(PROMPT): Determine how many lines in the listing below contain the word "this", then state that number by itself.

(SUPPLIED DATA):

──────────────────────────────

(* Let $f\in F$ be strongly positive. Then among the words of minimal length in the alphabet $\{x_0,x_0^{-1},x_1,x_1^{-1}\}$ representing $f$, there is one containing no occurrence of $x_1^{-1}$.
   Context: Thompson's group $F=\langle x_0,x_1,x_2,\dots\mid x_nx_k=x_kx_{n+1}\text{ for }k<n\rangle$; it is generated by $x_0,x_1$, since $x_n=x_0^{1-n}x_1x_0^{n-1}$ for $n\ge1$. An element of $F$ is strongly positive if it lies in the submonoid generated by $x_1,x_2,x_3,\dots$. *)

theory Defs
  imports Main
begin

text \<open>Letters of the infinite presentation of Thompson's group F:
  Gen n stands for x_n, Inv n for x_n^{-1}.  Words are lists of letters.\<close>
datatype letter = Gen nat | Inv nat

text \<open>Two words represent the same element of
  F = < x_0, x_1, ... | x_n x_k = x_k x_{n+1} (k < n) >
  iff they are related by the congruence generated by free cancellation
  and the defining relations.\<close>
inductive F_eq :: "letter list \<Rightarrow> letter list \<Rightarrow> bool" where
  refl: "F_eq w w"
| sym: "F_eq u v \<Longrightarrow> F_eq v u"
| trans: "F_eq u v \<Longrightarrow> F_eq v w \<Longrightarrow> F_eq u w"
| cancel1: "F_eq (u @ [Gen n, Inv n] @ v) (u @ v)"
| cancel2: "F_eq (u @ [Inv n, Gen n] @ v) (u @ v)"
| rel: "k < n \<Longrightarrow> F_eq (u @ [Gen n, Gen k] @ v) (u @ [Gen k, Gen (Suc n)] @ v)"

definition two_gen_word :: "letter list \<Rightarrow> bool" where
  "two_gen_word w \<longleftrightarrow> set w \<subseteq> {Gen 0, Inv 0, Gen 1, Inv 1}"

text \<open>Words in the positive letters x_1, x_2, ... (the element they represent is
  strongly positive; every strongly positive element arises this way).\<close>
definition strongly_positive_word :: "letter list \<Rightarrow> bool" where
  "strongly_positive_word p \<longleftrightarrow> (\<forall>a \<in> set p. \<exists>n \<ge> 1. a = Gen n)"

end

theory Submission
  imports Defs
begin

text \<open>
  Following Belk and Brown, F acts on forest states: rows of binary trees with a pointer, on
  which x_0 moves the pointer past one tree and x_(n+1) joins the (n+1)-st and (n+2)-nd trees
  to the right of it. The action respects the defining relations, so all words representing
  the same element act alike. A weight modelled on the Belk-Brown length formula (carets count
  1, gaps between leaves count 0, 1 or 2) vanishes on the trivial state and changes by at most 1
  under each of x_0, x_1 and their inverses; hence every word in these letters representing f
  is at least as long as the weight of the image of the trivial state under f. If f is strongly
  positive, this image is an unmarked forest to the right of the pointer, and reading its trees
  off gives a word in x_0, x_0^-1 and x_1 that represents f and whose length is exactly that
  weight.
\<close>

section \<open>Forest states and the action of F\<close>

datatype ftree = Leaf | Node bool ftree ftree

fun leaves :: "ftree \<Rightarrow> nat" where
  "leaves Leaf = 1"
| "leaves (Node _ a b) = leaves a + leaves b"

fun carets :: "ftree \<Rightarrow> nat" where
  "carets Leaf = 0"
| "carets (Node _ a b) = Suc (carets a + carets b)"

fun marked_carets :: "ftree \<Rightarrow> nat" where
  "marked_carets Leaf = 0"
| "marked_carets (Node m a b) = of_bool m + marked_carets a + marked_carets b"

fun reduced :: "ftree \<Rightarrow> bool" where
  "reduced Leaf \<longleftrightarrow> True"
| "reduced (Node m a b) \<longleftrightarrow> reduced a \<and> reduced b \<and> \<not> (m \<and> a = Leaf \<and> b = Leaf)"

lemma leaves_pos: "0 < leaves t"
  by (induction t) auto

text \<open>
  A tree is paired with the mark of the gap to its right. Splitting a leaf creates a marked
  gap, and joining two leaves across a marked gap undoes that split; any other join keeps the
  mark in the new node.
\<close>

fun join_trees :: "ftree \<times> bool \<Rightarrow> ftree \<times> bool \<Rightarrow> ftree \<times> bool" where
  "join_trees (a, m) (b, m') =
     (if m \<and> a = Leaf \<and> b = Leaf then (Leaf, m') else (Node m a b, m'))"

fun split_tree :: "ftree \<times> bool \<Rightarrow> (ftree \<times> bool) \<times> (ftree \<times> bool)" where
  "split_tree (Leaf, m) = ((Leaf, True), (Leaf, m))"
| "split_tree (Node m' a b, m) = ((a, m'), (b, m))"

lemma split_tree_join_trees: "split_tree (join_trees x y) = (x, y)"
  by (cases x; cases y; cases "fst x") auto

lemma join_trees_split_tree: "reduced (fst x) \<Longrightarrow> case_prod join_trees (split_tree x) = x"
  by (cases x; cases "fst x") auto

lemma reduced_join_trees:
  "reduced (fst x) \<Longrightarrow> reduced (fst y) \<Longrightarrow> reduced (fst (join_trees x y))"
  by (cases x; cases y) auto

lemma reduced_split_tree:
  "reduced (fst x) \<Longrightarrow> reduced (fst (fst (split_tree x))) \<and> reduced (fst (snd (split_tree x)))"
  by (cases x; cases "fst x") auto

type_synonym forest = "nat \<Rightarrow> ftree \<times> bool"

definition join_first :: "forest \<Rightarrow> forest" where
  "join_first F = case_nat (join_trees (F 0) (F 1)) (\<lambda>i. F (Suc (Suc i)))"

definition split_first :: "forest \<Rightarrow> forest" where
  "split_first F =
     case_nat (fst (split_tree (F 0))) (case_nat (snd (split_tree (F 0))) (\<lambda>i. F (Suc i)))"

fun apply_from :: "nat \<Rightarrow> (forest \<Rightarrow> forest) \<Rightarrow> forest \<Rightarrow> forest" where
  "apply_from 0 f F = f F"
| "apply_from (Suc j) f F = case_nat (F 0) (apply_from j f (\<lambda>i. F (Suc i)))"

lemma split_first_join_first: "split_first (join_first F) = F"
  by (auto simp: fun_eq_iff split_first_def join_first_def split_tree_join_trees split: nat.split)

lemma join_first_split_first: "reduced (fst (F 0)) \<Longrightarrow> join_first (split_first F) = F"
  using join_trees_split_tree[of "F 0"]
  by (auto simp: fun_eq_iff split_first_def join_first_def case_prod_beta split: nat.split)

lemma apply_from_cancel:
  assumes "\<And>X. P X \<Longrightarrow> g (f X) = X" and "P (\<lambda>i. F (i + j))"
  shows "apply_from j g (apply_from j f F) = F"
  using assms(2)
proof (induction j arbitrary: F)
  case 0
  then show ?case using assms(1) by simp
next
  case (Suc j)
  have "apply_from j g (apply_from j f (\<lambda>i. F (Suc i))) = (\<lambda>i. F (Suc i))"
    using Suc.prems by (intro Suc.IH) (simp add: add.commute)
  then show ?case by (auto simp: fun_eq_iff split: nat.split)
qed

text \<open>The relation x_(n+1) x_(k+1) = x_(k+1) x_(n+2) for k < n.\<close>
lemma apply_from_join_first_commute:
  "k < n \<Longrightarrow> apply_from n join_first (apply_from k join_first F)
             = apply_from k join_first (apply_from (Suc n) join_first F)"
proof (induction k arbitrary: n F)
  case 0
  then obtain n' where "n = Suc n'" by (cases n) auto
  then show ?case by (auto simp: fun_eq_iff join_first_def split: nat.split)
next
  case (Suc k)
  then obtain n' where "n = Suc n'" and "k < n'" by (cases n) auto
  then show ?case using Suc.IH by (auto simp: fun_eq_iff split: nat.split)
qed

text \<open>
  In a state (L, R, p), R i and L i are the i-th trees to the right and to the left of the
  pointer. The leaves of the row are numbered by the integers, p being the number of the
  first leaf of R 0, and the gap between leaves s and s + 1 is said to be at s.
\<close>

type_synonym state = "forest \<times> forest \<times> int"

fun move_right :: "state \<Rightarrow> state" where
  "move_right (L, R, p) = (case_nat (R 0) L, \<lambda>i. R (Suc i), p + int (leaves (fst (R 0))))"

fun move_left :: "state \<Rightarrow> state" where
  "move_left (L, R, p) = (\<lambda>i. L (Suc i), case_nat (L 0) R, p - int (leaves (fst (L 0))))"

lemma move_left_move_right [simp]: "move_left (move_right s) = s"
  by (cases s) (auto simp: fun_eq_iff split: nat.split)

lemma move_right_move_left [simp]: "move_right (move_left s) = s"
  by (cases s) (auto simp: fun_eq_iff split: nat.split)

text \<open>Since x_0 moves the pointer past R 0, this makes x_(n+1) = x_0^-n x_1 x_0^n.\<close>

fun act :: "letter \<Rightarrow> state \<Rightarrow> state" where
  "act (Gen 0) s = move_right s"
| "act (Inv 0) s = move_left s"
| "act (Gen (Suc n)) (L, R, p) = (L, apply_from n join_first R, p)"
| "act (Inv (Suc n)) (L, R, p) = (L, apply_from n split_first R, p)"

definition act_word :: "letter list \<Rightarrow> state \<Rightarrow> state" where
  "act_word w = foldr act w"

lemma act_word_simps [simp]:
  "act_word [] s = s"
  "act_word (a # w) s = act a (act_word w s)"
  "act_word (u @ v) s = act_word u (act_word v s)"
  by (simp_all add: act_word_def)

definition valid_forest :: "forest \<Rightarrow> bool" where
  "valid_forest F \<longleftrightarrow> (\<forall>i. reduced (fst (F i))) \<and> (\<forall>\<^sub>F i in sequentially. F i = (Leaf, False))"

fun valid_state :: "state \<Rightarrow> bool" where
  "valid_state (L, R, _) \<longleftrightarrow> valid_forest L \<and> valid_forest R"

lemma valid_forest_Suc: "valid_forest F \<Longrightarrow> valid_forest (\<lambda>i. F (Suc i))"
  using eventually_sequentially_Suc[of "\<lambda>i. F i = (Leaf, False)"] by (simp add: valid_forest_def)

lemma valid_forest_case_nat:
  "reduced (fst x) \<Longrightarrow> valid_forest F \<Longrightarrow> valid_forest (case_nat x F)"
  using eventually_sequentially_Suc[of "\<lambda>i. case_nat x F i = (Leaf, False)"]
  by (simp add: valid_forest_def split: nat.split)

lemma valid_forest_join_first: "valid_forest F \<Longrightarrow> valid_forest (join_first F)"
  unfolding join_first_def
  by (intro valid_forest_case_nat reduced_join_trees valid_forest_Suc)
    (auto simp: valid_forest_def)

lemma valid_forest_split_first: "valid_forest F \<Longrightarrow> valid_forest (split_first F)"
  unfolding split_first_def
  using reduced_split_tree[of "F 0"]
  by (intro valid_forest_case_nat valid_forest_Suc) (auto simp: valid_forest_def)

lemma valid_forest_apply_from:
  "(\<And>X. valid_forest X \<Longrightarrow> valid_forest (f X)) \<Longrightarrow> valid_forest F
     \<Longrightarrow> valid_forest (apply_from j f F)"
proof (induction j arbitrary: F)
  case (Suc j)
  have "valid_forest (apply_from j f (\<lambda>i. F (Suc i)))"
    using Suc valid_forest_Suc by blast
  moreover have "reduced (fst (F 0))"
    using \<open>valid_forest F\<close> by (simp add: valid_forest_def)
  ultimately show ?case by (simp add: valid_forest_case_nat)
qed simp

lemma valid_state_act: "valid_state s \<Longrightarrow> valid_state (act a s)"
proof (induction a s rule: act.induct)
  case (1 s)
  obtain L R p where "s = (L, R, p)" by (cases s)
  with 1 show ?case
    by (auto intro: valid_forest_case_nat valid_forest_Suc simp: valid_forest_def[of R])
next
  case (2 s)
  obtain L R p where "s = (L, R, p)" by (cases s)
  with 2 show ?case
    by (auto intro: valid_forest_case_nat valid_forest_Suc simp: valid_forest_def[of L])
qed (auto intro: valid_forest_apply_from valid_forest_join_first valid_forest_split_first)

lemma valid_state_act_word: "valid_state s \<Longrightarrow> valid_state (act_word w s)"
  by (induction w) (auto intro: valid_state_act)

lemma act_Gen_Inv: "valid_state s \<Longrightarrow> act (Gen n) (act (Inv n) s) = s"
proof (cases n)
  case (Suc k)
  assume "valid_state s"
  then obtain L R p where s: "s = (L, R, p)" and "reduced (fst (R k))"
    by (cases s) (auto simp: valid_forest_def)
  then have "apply_from k join_first (apply_from k split_first R) = R"
    by (intro apply_from_cancel[where P = "\<lambda>X. reduced (fst (X 0))"] join_first_split_first) auto
  then show ?thesis using Suc s by simp
qed simp

lemma act_Inv_Gen: "act (Inv n) (act (Gen n) s) = s"
proof (cases n)
  case (Suc k)
  obtain L R p where s: "s = (L, R, p)" by (cases s)
  have "apply_from k split_first (apply_from k join_first R) = R"
    by (intro apply_from_cancel[where P = "\<lambda>_. True"] split_first_join_first) auto
  then show ?thesis using Suc s by simp
qed simp

lemma act_Gen_Gen: "k < n \<Longrightarrow> act (Gen n) (act (Gen k) s) = act (Gen k) (act (Gen (Suc n)) s)"
proof -
  assume "k < n"
  then obtain n' where n: "n = Suc n'" by (cases n) auto
  obtain L R p where s: "s = (L, R, p)" by (cases s)
  show ?thesis
  proof (cases k)
    case 0
    then show ?thesis using n s by (auto simp: fun_eq_iff split: nat.split)
  next
    case (Suc k')
    then show ?thesis using n s \<open>k < n\<close> apply_from_join_first_commute[of k' n' R] by simp
  qed
qed

lemma act_word_F_eq: "F_eq u v \<Longrightarrow> valid_state s \<Longrightarrow> act_word u s = act_word v s"
proof (induction u v arbitrary: s rule: F_eq.induct)
  case (cancel1 u n v)
  then show ?case using act_Gen_Inv valid_state_act_word by simp
next
  case (cancel2 u n v)
  then show ?case using act_Inv_Gen by simp
next
  case (rel k n u v)
  then show ?case using act_Gen_Gen by simp
qed simp_all

section \<open>A weight bounding the length of words\<close>

definition trivial_from :: "nat \<Rightarrow> forest \<Rightarrow> bool" where
  "trivial_from N F \<longleftrightarrow> (\<forall>i\<ge>N. F i = (Leaf, False))"

lemma trivial_from_mono: "trivial_from N F \<Longrightarrow> N \<le> M \<Longrightarrow> trivial_from M F"
  by (simp add: trivial_from_def)

lemma valid_forest_trivial_from: "valid_forest F \<Longrightarrow> \<exists>N. trivial_from N F"
  by (auto simp: valid_forest_def trivial_from_def eventually_sequentially)

definition nontrivial_within :: "nat \<Rightarrow> forest \<Rightarrow> bool" where
  "nontrivial_within n F \<longleftrightarrow> (\<exists>i<n. fst (F i) \<noteq> Leaf)"

lemma nontrivial_within_0 [simp]: "\<not> nontrivial_within 0 F"
  by (simp add: nontrivial_within_def)

lemma nontrivial_within_Suc:
  "nontrivial_within (Suc n) F \<longleftrightarrow> fst (F 0) \<noteq> Leaf \<or> nontrivial_within n (\<lambda>i. F (Suc i))"
  by (auto simp: nontrivial_within_def less_Suc_eq_0_disj)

──────────────────────────────

(EXPECTED OUTPUT): 3